▶ [Data for the task]
(* Let $H$ be a bialgebra, $\mathcal{A}$ an $H$-bimodule algebra, $\mathbb{A}$ an $H$-bicomodule algebra and $A$ an algebra in the Yetter–Drinfeld category ${}^H_H\mathcal{YD}$. Then: the generalized smash product $\mathcal{A}\blacktriangleright\!\!<A$ is an $H$-bimodule algebra with actions $h\cdot(\varphi\blacktriangleright\!\!<a)=h_1\cdot\varphi\blacktriangleright\!\!<h_2\cdot a$ and $(\varphi\blacktriangleright\!\!<a)\cdot h=\varphi\cdot h\blacktriangleright\!\!<a$; the generalized smash product $A\blacktriangleright\!\!<\mathbb{A}$ is an $H$-bicomodule algebra with coactions $\rho(a\blacktriangleright\!\!<u)=(a\blacktriangleright\!\!<u_{<0>})\otimes u_{<1>}$ and $\lambda(a\blacktriangleright\!\!<u)=a_{(-1)}u_{[-1]}\otimes(a_{(0)}\blacktriangleright\!\!<u_{[0]})$; and the identity map of $\mathcal{A}\otimes A\otimes\mathbb{A}$ is an algebra isomorphism $(\mathcal{A}\blacktriangleright\!\!<A)\natural\mathbb{A}\cong\mathcal{A}\natural(A\blacktriangleright\!\!<\mathbb{A})$.
   Context: Work over a field $k$; $H$ an ordinary bialgebra, $\Delta(h)=h_1\otimes h_2$. An $H$-bimodule algebra is an associative unital algebra $\mathcal{A}$ which is an $H$-bimodule with $h\cdot(\varphi\psi)=(h_1\cdot\varphi)(h_2\cdot\psi)$, $(\varphi\psi)\cdot h=(\varphi\cdot h_1)(\psi\cdot h_2)$, $h\cdot1=1\cdot h=\varepsilon(h)1$. An $H$-bicomodule algebra is an associative unital algebra $\mathbb{A}$ with algebra maps $\lambda(u)=u_{[-1]}\otimes u_{[0]}$ (left $H$-coaction) and $\rho(u)=u_{<0>}\otimes u_{<1>}$ (right $H$-coaction) making $\mathbb{A}$ an $H$-bicomodule. An algebra $A$ in ${}^H_H\mathcal{YD}$ is a left $H$-module algebra (action $h\cdot a$) and left $H$-comodule algebra (coaction $a\mapsto a_{(-1)}\otimes a_{(0)}$) such that $h_1a_{(-1)}\otimes h_2\cdot a_{(0)}=(h_1\cdot a)_{(-1)}h_2\otimes(h_1\cdot a)_{(0)}$. For a left $H$-module algebra $M$ and a left $H$-comodule algebra $N$ (coaction $n\mapsto n_{\{-1\}}\otimes n_{\{0\}}$), the generalized smash product $M\blacktriangleright\!\!<N$ is $M\otimes N$ with product $(m\blacktriangleright\!\!<n)(m'\blacktriangleright\!\!<n')=m(n_{\{-1\}}\cdot m')\blacktriangleright\!\!<n_{\{0\}}n'$ (here $\mathcal{A}$ is viewed as a left $H$-module algebra via its left action). For an $H$-bimodule algebra $\mathcal{B}$ and $H$-bicomodule algebra $\mathbb{B}$, the L-R-smash product $\mathcal{B}\natural\mathbb{B}$ is $\mathcal{B}\otimes\mathbb{B}$ with product $(\varphi\natural u)(\psi\natural u')=(\varphi\cdot u'_{<1>})(u_{[-1]}\cdot\psi)\natural u_{[0]}u'_{<0>}$. *)

theory Defs
  imports Main "HOL.Vector_Spaces"
begin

▶ [Exercise] Only the lines from the one containing "theory Defs" through the last line of the entries above should be copied, exactly as written.

▶ [Written answer]
theory Defs
  imports Main "HOL.Vector_Spaces"
begin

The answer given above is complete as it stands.